La historia de Rosario me conmovió desde el principio. Y me
dejó atónita cuando desveló que fue ella quien tomó la iniciativa de salir de
su pueblo, Penoselo, y marchar en busca de trabajo a Lyon, la segunda capital
francesa.
La mujer estaba sometida, comprendí, pero no era sumisa.
Para irse tuvo que convencer al esposo porque no había forma de obtener el
pasaporte sin permiso marital. ¿Quién dijo que vivíamos mejor…?
De una aldea de montaña a una ciudad industrial. Vaya salto.
Y sin vértigo. Recordemos que en aquellos tiempos el principal medio de
comunicación era el boca a boca. Parientes y vecinos se “llamaban” para hacer
el viaje. Y bajaban como podían a Ponferrada, a Bembibre o a León para coger el
expreso en dirección a Irún, Barcelona o Madrid.
Fue entonces cuando los pueblos leoneses empezaron a
vaciarse: más de doce millones de personas cambiaron de municipio en los años
60, dicen los expertos. No se había conocido un trasiego semejante de gentes de
aquí para allá. La burbuja empezó a inflarse por aquel entonces. El campo
empezó a ser denostado, la ciudad encumbrada.
A los chicos y a las chicas les censuraba expresiones populares o el
lenguaje de toda la vida: “Se dice mover la mesa, no trequiñar…”, corregía la
maestra en un intento de “despaletizar” a las nuevas generaciones.
En los alrededores de ciudades como Barcelona se levantaron
barriadas de chabolas para albergar a las masas labriegas que iban a
convertirse en la mano de obra de los cinturones industriales. Poco se ha
sabido de esta cara de la emigración hasta tiempo muy reciente: el documental “Barracas”,
del periodista Alonso Carnicer McDermott (hijo del escritor villafranquino
Alonso Carnicer) y la periodista Sara Grimau ha puesto luz sobre este capítulo
olvidado.
Comenzó una era de desprecio a lo rural. Un mundo forjado
por una cultura milenaria se resquebrajaba o se inundaba en pos de un espejismo
llamado progreso. Con razón es la época bautizada como “desarrollismo”. No es lo mismo que desarrollo, que evolución,
que progreso…
La trayectoria vital de Rosario, esa heroína de la
despoblación leonesa, es un paradigma de su tiempo. Pura historia. Porque hay
que urgar en las vidas anónimas para comprender la verdadera historia de un
pueblo, de una ciudad, de un país y hasta del mundo.

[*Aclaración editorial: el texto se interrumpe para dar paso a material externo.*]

lemma self_in_adjoin:
  assumes "left_submodule C"
  shows "a \<in> adjoin a C"
proof -
  have "a = vadd (vsmult 1 a) (\<lambda>k. 0)" unfolding vadd_def vsmult_def by simp
  then show ?thesis using assms unfolding adjoin_def left_submodule_def by blast
qed

lemma adjoin_subset_Vsp:
  "a \<in> Vsp b i \<Longrightarrow> C \<subseteq> Vsp b i \<Longrightarrow> adjoin a C \<subseteq> Vsp b i"
  unfolding adjoin_def by (auto intro: vadd_in_Vsp vsmult_in_Vsp)

lemma greedy_Suc_if:
  "greedy n b lt P \<Gamma> (Suc i) =
    (let G = {a \<in> Vsp b (Suc i) - Vsp b i. good P \<Gamma> (greedy n b lt P \<Gamma> i) a}
     in if G = {} then greedy n b lt P \<Gamma> i
        else adjoin (THE a. a \<in> G \<and> (\<forall>y\<in>G. y \<noteq> a \<longrightarrow> lexless n b lt a y)) (greedy n b lt P \<Gamma> i))"
  by (simp only: greedy.simps Let_def adjoin_def)

lemma left_submodule_greedy: "left_submodule (greedy n b lt P \<Gamma> i)"
proof (induction i)
  case 0
  show ?case unfolding left_submodule_def vadd_def vsmult_def by simp
next
  case (Suc i)
  then show ?case by (simp add: greedy_Suc_if Let_def left_submodule_adjoin del: greedy.simps)
qed

lemma greedy_mono: "i \<le> j \<Longrightarrow> greedy n b lt P \<Gamma> i \<subseteq> greedy n b lt P \<Gamma> j"
proof (induction j)
  case (Suc j)
  have "greedy n b lt P \<Gamma> j \<subseteq> greedy n b lt P \<Gamma> (Suc j)"
    by (simp add: greedy_Suc_if Let_def subset_adjoin del: greedy.simps)
  then show ?case using Suc by (cases "i = Suc j") auto
qed simp

lemma greedy_SucE:
  fixes b :: "nat \<Rightarrow> nat \<Rightarrow> 'a::{ring_1,finite}"
  assumes B: "is_basis n b" and lt: "strict_total_order lt" and i: "Suc i \<le> n"
  obtains
    "\<And>x. x \<in> Vsp b (Suc i) - Vsp b i \<Longrightarrow> \<not> good P \<Gamma> (greedy n b lt P \<Gamma> i) x"
    "greedy n b lt P \<Gamma> (Suc i) = greedy n b lt P \<Gamma> i"
  | a where "a \<in> Vsp b (Suc i) - Vsp b i" "good P \<Gamma> (greedy n b lt P \<Gamma> i) a"
    "\<And>y. y \<in> Vsp b (Suc i) - Vsp b i \<Longrightarrow> good P \<Gamma> (greedy n b lt P \<Gamma> i) y \<Longrightarrow> y \<noteq> a \<Longrightarrow>
      lexless n b lt a y"
    "greedy n b lt P \<Gamma> (Suc i) = adjoin a (greedy n b lt P \<Gamma> i)"
proof -
  define G where "G = {a \<in> Vsp b (Suc i) - Vsp b i. good P \<Gamma> (greedy n b lt P \<Gamma> i) a}"
  have step: "greedy n b lt P \<Gamma> (Suc i) = (if G = {} then greedy n b lt P \<Gamma> i
      else adjoin (THE a. a \<in> G \<and> (\<forall>y\<in>G. y \<noteq> a \<longrightarrow> lexless n b lt a y)) (greedy n b lt P \<Gamma> i))"
    by (simp only: greedy_Suc_if G_def Let_def)
  show ?thesis
  proof (cases "G = {}")
    case True
    then show ?thesis using that(1) step by (auto simp: G_def)
  next
    case False
    have "G \<subseteq> level_set b (Suc i)" unfolding G_def by auto
    from ex1_lexless_least[OF B lt _ i this False]
    have ex1: "\<exists>!a. a \<in> G \<and> (\<forall>y\<in>G. y \<noteq> a \<longrightarrow> lexless n b lt a y)" by simp
    define a where "a = (THE a. a \<in> G \<and> (\<forall>y\<in>G. y \<noteq> a \<longrightarrow> lexless n b lt a y))"
    have "a \<in> G" "\<forall>y\<in>G. y \<noteq> a \<longrightarrow> lexless n b lt a y"
      using theI'[OF ex1] unfolding a_def by blast+
    moreover have "greedy n b lt P \<Gamma> (Suc i) = adjoin a (greedy n b lt P \<Gamma> i)"
      using step False by (simp add: a_def)
    ultimately show ?thesis using that(2) unfolding G_def by blast
  qed
qed

lemma greedy_subset_Vsp:
  fixes b :: "nat \<Rightarrow> nat \<Rightarrow> 'a::{ring_1,finite}"
  assumes B: "is_basis n b" and lt: "strict_total_order lt"
  shows "i \<le> n \<Longrightarrow> greedy n b lt P \<Gamma> i \<subseteq> Vsp b i"
proof (induction i)
  case 0
  then show ?case using zero_in_Vsp by simp
next
  case (Suc i)
  then have IH: "greedy n b lt P \<Gamma> i \<subseteq> Vsp b (Suc i)" using Vsp_mono[of i "Suc i" b] by simp
  from B lt \<open>Suc i \<le> n\<close> show ?case
  proof (cases rule: greedy_SucE[where P = P and \<Gamma> = \<Gamma>])
    case 1
    then show ?thesis using IH by simp
  next
    case (2 a)
    then show ?thesis using IH adjoin_subset_Vsp[of a b "Suc i"] by simp
  qed
qed

lemma good_antimono: "C \<subseteq> D \<Longrightarrow> good P \<Gamma> D x \<Longrightarrow> good P \<Gamma> C x"
  unfolding good_def by blast

lemma good_vadd:
  assumes "left_submodule C" "c \<in> C" "good P \<Gamma> C x"
  shows "good P \<Gamma> C (vadd x c)"
  unfolding good_def
proof (intro ballI)
  fix g c' assume "g \<in> \<Gamma>" "c' \<in> C"
  moreover have "vadd (vsmult g c) c' \<in> C" using assms(1,2) \<open>c' \<in> C\<close>
    unfolding left_submodule_def by blast
  ultimately have "P (vadd (vsmult g x) (vadd (vsmult g c) c'))"
    using assms(3) unfolding good_def by blast
  moreover have "vadd (vsmult g (vadd x c)) c' = vadd (vsmult g x) (vadd (vsmult g c) c')"
    unfolding vadd_def vsmult_def by (simp add: algebra_simps)
  ultimately show "P (vadd (vsmult g (vadd x c)) c')" by simp
qed

lemma generator_system_nonzero: "generator_system \<Gamma> \<Longrightarrow> \<gamma> \<in> \<Gamma> \<Longrightarrow> \<gamma> \<noteq> 0"
  unfolding generator_system_def by (elim conjE) (rule bspec)

lemma good_imp_nonzero_multiple:
  fixes x :: "nat \<Rightarrow> 'a::{ring_1,finite}"
  assumes \<Gamma>: "generator_system \<Gamma>" and P: "left_multiplicative n P"
    and C: "left_submodule C" "C \<subseteq> vecs n" and x: "x \<in> vecs n" "good P \<Gamma> C x"
    and "\<beta> \<noteq> 0" "c \<in> C"
  shows "P (vadd (vsmult \<beta> x) c)"
proof -
  have "lprin \<beta> \<noteq> {0}" using lprin_self[of \<beta>] \<open>\<beta> \<noteq> 0\<close> by auto
  then have "\<exists>!\<gamma>. \<gamma> \<in> \<Gamma> \<and> lprin \<gamma> = lprin \<beta>"
    using \<Gamma> left_ideal_lprin[of \<beta>] unfolding generator_system_def by simp
  then obtain \<gamma> where \<gamma>: "\<gamma> \<in> \<Gamma>" "lprin \<gamma> = lprin \<beta>" by (auto dest: ex1_implies_ex)
  obtain u where u: "u \<in> units" "\<beta> = u * \<gamma>" using lprin_eq_imp_unit_mult[OF \<gamma>(2)[symmetric]] .
  then obtain v where v: "u * v = 1" "v * u = 1" unfolding units_def by blast
  have "vsmult v c \<in> C" using C(1) \<open>c \<in> C\<close> unfolding left_submodule_def by blast
  then have "P (vadd (vsmult \<gamma> x) (vsmult v c))" using x(2) \<gamma>(1) unfolding good_def by blast
  moreover have "vadd (vsmult \<gamma> x) (vsmult v c) \<in> vecs n"
    using x(1) C(2) \<open>c \<in> C\<close> unfolding vecs_def vadd_def vsmult_def by auto
  moreover have "vsmult u (vadd (vsmult \<gamma> x) (vsmult v c)) = vadd (vsmult \<beta> x) c"
    unfolding vadd_def vsmult_def u(2) by (simp add: distrib_left mult.assoc[symmetric] v(1))
  moreover have "P (vsmult u w) = P w" if "w \<in> vecs n" for w
    using P u(1) that unfolding left_multiplicative_def by blast
  ultimately show ?thesis by metis
qed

La vida de Rosario es también espejo de muchas mujeres de su
generación. Y reflejo, ahora, de una peripecia humana y un perfil de mujer no
sujeto a los estereotipos que generalizan y mutilan la realidad. Es un libro
abierto sobre la verdad de un tiempo.
Ella, que quiso dejar el pueblo para ver otros horizontes,
ahora es una resistente en medio del abandono del mundo rural. De esos pueblos
que en invierno parecen habitados por fantasmas y recobran algo de vida con la
llegada del buen tiempo y los días largos.
Dicen los expertos que es un proceso irreversible. Pero
ahora que las nuevas tecnologías nos conectan desde cualquier punto del
planeta, ahora que entramos en la era del conocimiento y la creatividad, la
dicotomía rural-urbano empieza a perder sentido. Porque las megaciudades y la
vida sin comunidad nos hacen perder el sentido.
Por eso tenemos mucho que aprender de las personas que aún
construyeron y vivieron en un mundo más asociativo y menos dependiente; más
austero y menos consumista; y tan local como global.
Ya lo dijo el maestro Miguel Torga: “Lo local es lo universal sin fronteras”. O sin complejos.
Ana Gaitero Alonso,
periodista. Texto escrito el 29-XI-2010. Reflexión a partir del reportaje http://www.diariodeleon.es/noticias/revista/rosario-apaga-luz-de-penoselo_565063.html
me quedo con la siguiente idea...Porque hay que urgar en las vidas anónimas para comprender la verdadera historia de un pueblo, de una ciudad, de un país y hasta del mundo.
ResponderEliminarVaya fortaleza para caminar a contracorriente...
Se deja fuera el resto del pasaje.